Extending AutoML features in Kenning for platforms with custom AI accelerators

Published:

Topics: Edge AI, Open source tools

Tailoring neural network models to fit on resource-constrained devices is a multi-criterion optimization problem, difficult or impossible to solve manually. Antmicro has been working with Analog Devices, Inc (ADI) to add an AutoML flow to Kenning, our open source AI optimization and deployment framework, to automate the search for optimal models for specific tasks and hardware platforms.

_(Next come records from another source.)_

theorem theorem1p2:
  assumes "subgraph_closed \<G>"
  shows "(\<exists>d::nat. d \<ge> 1 \<and> (\<forall>G\<in>\<G>. strongly_degenerate d G)) \<longleftrightarrow>
         (\<exists>s k :: nat. \<not> (\<exists>G\<in>\<G>. is_K2s s G) \<and>
            (\<forall>H S. wf_graph H \<and> min_degree_at_least k H \<and> is_subdivision_of S H \<longrightarrow> S \<notin> \<G>))"
proof
  assume "\<exists>d::nat. d \<ge> 1 \<and> (\<forall>G\<in>\<G>. strongly_degenerate d G)"
  then obtain d where "\<forall>G\<in>\<G>. strongly_degenerate d G"
    by blast
  moreover have "\<forall>G\<in>\<G>. wf_graph G"
    using assms unfolding subgraph_closed_def by blast
  ultimately show "\<exists>s k. \<not> (\<exists>G\<in>\<G>. is_K2s s G) \<and>
      (\<forall>H S. wf_graph H \<and> min_degree_at_least k H \<and> is_subdivision_of S H \<longrightarrow> S \<notin> \<G>)"
    using K2s_not_strongly_degenerate subdivision_not_strongly_degenerate by blast
next
  assume "\<exists>s k. \<not> (\<exists>G\<in>\<G>. is_K2s s G) \<and>
      (\<forall>H S. wf_graph H \<and> min_degree_at_least k H \<and> is_subdivision_of S H \<longrightarrow> S \<notin> \<G>)"
  then obtain s k where "\<forall>G\<in>\<G>. strongly_degenerate (32 * (s * k + 2) ^ 3) G"
    using strongly_degenerate_if_K2s_and_subdivisions_excluded[OF assms] by blast
  then show "\<exists>d::nat. d \<ge> 1 \<and> (\<forall>G\<in>\<G>. strongly_degenerate d G)"
    by (intro exI[of _ "32 * (s * k + 2) ^ 3"]) simp
qed
lemma subset_wheel_edges_eq_subwheel:
  assumes "T \<subseteq> E"
  shows "T = subwheel {i \<in> {1..k}. radius i \<in> T} {i \<in> {1..k}. chord i \<in> T}"
proof (rule set_eqI)
  fix e
  show "e \<in> T \<longleftrightarrow> e \<in> subwheel {i \<in> {1..k}. radius i \<in> T} {i \<in> {1..k}. chord i \<in> T}"
  proof
    assume "e \<in> T"
    moreover obtain i where "i \<in> {1..k}" "e = radius i \<or> e = chord i"
      using \<open>e \<in> T\<close> assms mem_wheel_edges_iff by blast
    ultimately show "e \<in> subwheel {i \<in> {1..k}. radius i \<in> T} {i \<in> {1..k}. chord i \<in> T}"
      unfolding subwheel_def by blast
  qed (auto simp: subwheel_def)
qed

lemma edge_at_rim_vertex:
  assumes i: "i \<in> {1..k}" and "e \<in> E" "v i \<in> e"
  shows "e = radius i \<or> e = chord i \<or> e = chord (rim_pred i)"
proof -
  obtain j where j: "j \<in> {1..k}" "e = radius j \<or> e = chord j"
    using \<open>e \<in> E\<close> mem_wheel_edges_iff by blast
  then have "v i = v 0 \<or> v i = v j \<or> (e = chord j \<and> v i = v (rim_succ j))"
    using \<open>v i \<in> e\<close> by (auto simp: radius_def chord_def)
  then have "j = i \<or> (e = chord j \<and> rim_succ j = i)"
    using rim_ne_hub[OF i] i j(1) rim_succ_in_rim[OF j(1)] by (auto simp: v_eq_iff)
  then show ?thesis using j rim_pred_succ by auto
qed


lemma spanning_tree_rim_parent:
  fixes rank :: "nat \<Rightarrow> nat"
  assumes "\<And>i. i \<in> {1..k} \<Longrightarrow> q i \<le> k \<and> rank (q i) < rank i"
  shows "spanning_tree V ((\<lambda>i. {v i, v (q i)}) ` {1..k})"
proof -
  have "{0..k} - {0} = {1..k}" by auto
  moreover have "spanning_tree (v ` {0..k}) ((\<lambda>i. {v i, v (q i)}) ` ({0..k} - {0}))"
    by (rule spanning_tree_parent_edges[OF inj_v, where rank = rank]) (use assms in auto)
  ultimately show ?thesis unfolding wheel_vertices_def by simp
qed

lemma val_subwheel:
  assumes X: "X \<subseteq> {1..k}" and C: "C \<subseteq> {1..k}" and i: "i \<in> {1..k}"
  shows "val (subwheel X C) (v i) = of_bool (i \<in> X) + of_bool (i \<in> C) + of_bool (rim_pred i \<in> C)"
proof -
  have "{e \<in> subwheel X C. v i \<in> e} =
      (if i \<in> X then {radius i} else {}) \<union> (if i \<in> C then {chord i} else {}) \<union>
      (if rim_pred i \<in> C then {chord (rim_pred i)} else {})"
    using edge_at_rim_vertex[OF i] subwheel_subset_wheel_edges[OF X C]
      radius_in_subwheel_iff[OF X C i] chord_in_subwheel_iff[OF X C i]
      chord_in_subwheel_iff[OF X C rim_pred_in_rim[OF i]]
    by (auto simp: radius_def chord_def rim_succ_pred[OF i])
  moreover have "radius i \<noteq> chord i" "radius i \<noteq> chord (rim_pred i)"
    "chord i \<noteq> chord (rim_pred i)"
    using i rim_pred_in_rim[OF i] rim_pred_neq[OF i] radius_ne_chord chord_eq_iff by auto
  ultimately show ?thesis unfolding val_def by auto
qed

section \<open>The two families of coupled trees\<close>

(* Each maximal run of consecutive chords of C is joined to the hub by the radius at its first
   vertex (tree_first) or at its last vertex (tree_last). *)
definition tree_first :: "nat set \<Rightarrow> 'a set set" where
  "tree_first C = subwheel {i \<in> {1..k}. rim_pred i \<notin> C} C"

definition tree_last :: "nat set \<Rightarrow> 'a set set" where
  "tree_last C = subwheel ({1..k} - C) C"

lemma wheel_edges_Diff_tree_first:
  assumes "C \<subseteq> {1..k}"
  shows "E - tree_first C = tree_first ({1..k} - C)"
proof -
  have "{1..k} - {i \<in> {1..k}. rim_pred i \<notin> C} = {i \<in> {1..k}. rim_pred i \<notin> {1..k} - C}"
    using rim_pred_in_rim by blast
  then show ?thesis
    unfolding tree_first_def by (subst wheel_edges_Diff_subwheel) (use assms in auto)
qed
lemma card_confusable_perms_le:
  assumes p: "p \<in> perms N"
  shows "card {q \<in> perms N. confusable (stuck_at_error t m) p q} \<le> 2 * N * t^2"
proof -
  \<comment> \<open>q is recovered from (i, s, j = i, r), since otherwise j is the position of p ! i - s\<close>
  define partner where "partner = inv_into {..<N} ((!) p)"
  define F where "F = (\<lambda>(i, s, b, r).
    undo_stuck_at (apply_stuck_at p i s) (if b then i else partner (p ! i - s)) r)"
  define D where "D = {..<N} \<times> {1..int t} \<times> (UNIV :: bool set) \<times> {1..int t}"
  have "{q \<in> perms N. confusable (stuck_at_error t m) p q} \<subseteq> F ` D"
  proof safe
    fix q assume q: "q \<in> perms N" and "confusable (stuck_at_error t m) p q"
    then obtain pe where "stuck_at_error t m p pe" "stuck_at_error t m q pe"
      unfolding confusable_def by blast
    then obtain i s j r where i: "i < N" and s: "s \<in> {1..int t}"
      and j: "j < N" and r: "r \<in> {1..int t}"
      and eq: "apply_stuck_at p i s = apply_stuck_at q j r"
      using p q by (auto simp: perms_def elim!: stuck_at_errorE)
    have "q = undo_stuck_at (apply_stuck_at p i s) j r"
      using q j by (simp add: eq undo_apply_stuck_at perms_def)
    moreover have "j = i \<or> j = partner (p ! i - s)"
    proof (cases "j = i")
      case False
      then have "p ! j = p ! i - s" using apply_stuck_at_collision[OF p q _ i j _ eq] s by simp
      moreover have "inj_on ((!) p) {..<N}" using p by (auto simp: perms_def inj_on_nth)
      ultimately show ?thesis unfolding partner_def using j by (metis inv_into_f_f lessThan_iff)
    qed simp
    ultimately have "q = F (i, s, j = i, r)" unfolding F_def by auto
    moreover have "(i, s, j = i, r) \<in> D" using i s r unfolding D_def by simp
    ultimately show "q \<in> F ` D" by blast
  qed
  then have "card {q \<in> perms N. confusable (stuck_at_error t m) p q} \<le> card (F ` D)"
    by (rule card_mono[rotated]) (simp add: D_def)
  also have "\<dots> \<le> card D" by (rule card_image_le) (simp add: D_def)
  also have "\<dots> = 2 * N * t^2" by (simp add: D_def card_cartesian_product power2_eq_square)
  finally show ?thesis .
qed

After an initial release described in our previous blog note, and showcased at Embedded World earlier this year, we have been further expanding the AutoML features in Kenning, creating a unified pipeline for fully automated training and deployment of models generated with Neural Architecture Search (NAS) on memory-constrained devices. Updates include further improving the flow, enhancing the checks for devices’ constraints during model generation, and adding the tracking of AutoML search and training process which produces a comprehensive report in Kenning.

As part of our collaboration with Analog Devices, we also introduced support for ADI’s dedicated Convolutional Neural Network (CNN) Accelerator, found in MCUs such as the MAX78002, both in Kenning and Zephyr RTOS. We extended the AutoML flow and Platforms in Kenning to support optimizing and compiling models for various AI accelerators, and it’s now possible to easily define custom constraint checks to take accelerator-specific limitations into account, which this article will describe in more detail.

Picture of the extended AutoML features

Deploying models on MAX78002’s CNN Accelerator

ADI’s MAX78002 platform features a CNN accelerator which allows loading and processing larger models (thanks to the dedicated CNN data memory), as well as efficiently processing convolutions with pooling and selected activation functions. It comes with an ai8x-synthesis tool that converts the models trained using the ai8x-training framework to bare-metal C code which enables the execution of the model on the accelerator.

As in many other neural network accelerators for embedded platforms, while providing a significant speedup compared to executing on an (unaccelerated) MCU, this comes with numerous requirements regarding the model architecture and used layers, such as:

  • Weights, bias values and data need to be quantized (a common limitation across various accelerators)
  • Supported operations are 1D and 2D convolution layers, 2D transposed convolution layers, basic element-wise operations, pooling (fused with convolutions), basic activation functions (ReLU, clamped linear, absolute value)
  • Kernel sizes in 2D convolutions must be 1x1 or 3x3
  • Padding in 2D convolutions can be 0, 1 or 2
  • Maximum size of weights and inputs relies on other layers and device constraints

To make the process of creating models for such accelerators less tedious by automatically conforming to their constraints, Antmicro worked with ADI’s MAX78002 as a CNN-accelerated reference platform, and introduced relevant changes to Kenning that ultimately allow generating compliant models with AutoML.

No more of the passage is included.